Task instructions
Your answer needs to include each line of the records in which the string "invariant" can be found.

Exercise data
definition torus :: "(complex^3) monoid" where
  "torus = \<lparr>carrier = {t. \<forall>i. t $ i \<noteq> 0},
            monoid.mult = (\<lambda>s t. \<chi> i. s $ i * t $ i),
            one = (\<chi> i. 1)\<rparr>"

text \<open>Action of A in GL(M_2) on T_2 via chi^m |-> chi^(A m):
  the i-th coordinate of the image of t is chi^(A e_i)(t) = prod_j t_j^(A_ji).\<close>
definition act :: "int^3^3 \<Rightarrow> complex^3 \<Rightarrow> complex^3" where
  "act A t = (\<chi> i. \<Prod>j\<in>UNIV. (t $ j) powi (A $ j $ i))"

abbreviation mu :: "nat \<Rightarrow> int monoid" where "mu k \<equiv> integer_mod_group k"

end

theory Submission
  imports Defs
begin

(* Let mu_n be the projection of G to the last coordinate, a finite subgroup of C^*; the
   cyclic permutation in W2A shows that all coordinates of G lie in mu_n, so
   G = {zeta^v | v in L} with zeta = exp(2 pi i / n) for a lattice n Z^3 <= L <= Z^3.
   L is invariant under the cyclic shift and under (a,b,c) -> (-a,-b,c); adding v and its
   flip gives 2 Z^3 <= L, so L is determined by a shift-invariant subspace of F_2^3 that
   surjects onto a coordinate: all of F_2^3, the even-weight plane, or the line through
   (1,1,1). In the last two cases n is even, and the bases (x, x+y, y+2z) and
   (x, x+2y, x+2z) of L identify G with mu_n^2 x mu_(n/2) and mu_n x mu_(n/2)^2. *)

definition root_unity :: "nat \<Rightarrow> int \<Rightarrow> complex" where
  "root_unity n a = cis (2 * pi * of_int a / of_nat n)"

Solution
   L is invariant under the cyclic shift and under (a,b,c) -> (-a,-b,c); adding v and its
   flip gives 2 Z^3 <= L, so L is determined by a shift-invariant subspace of F_2^3 that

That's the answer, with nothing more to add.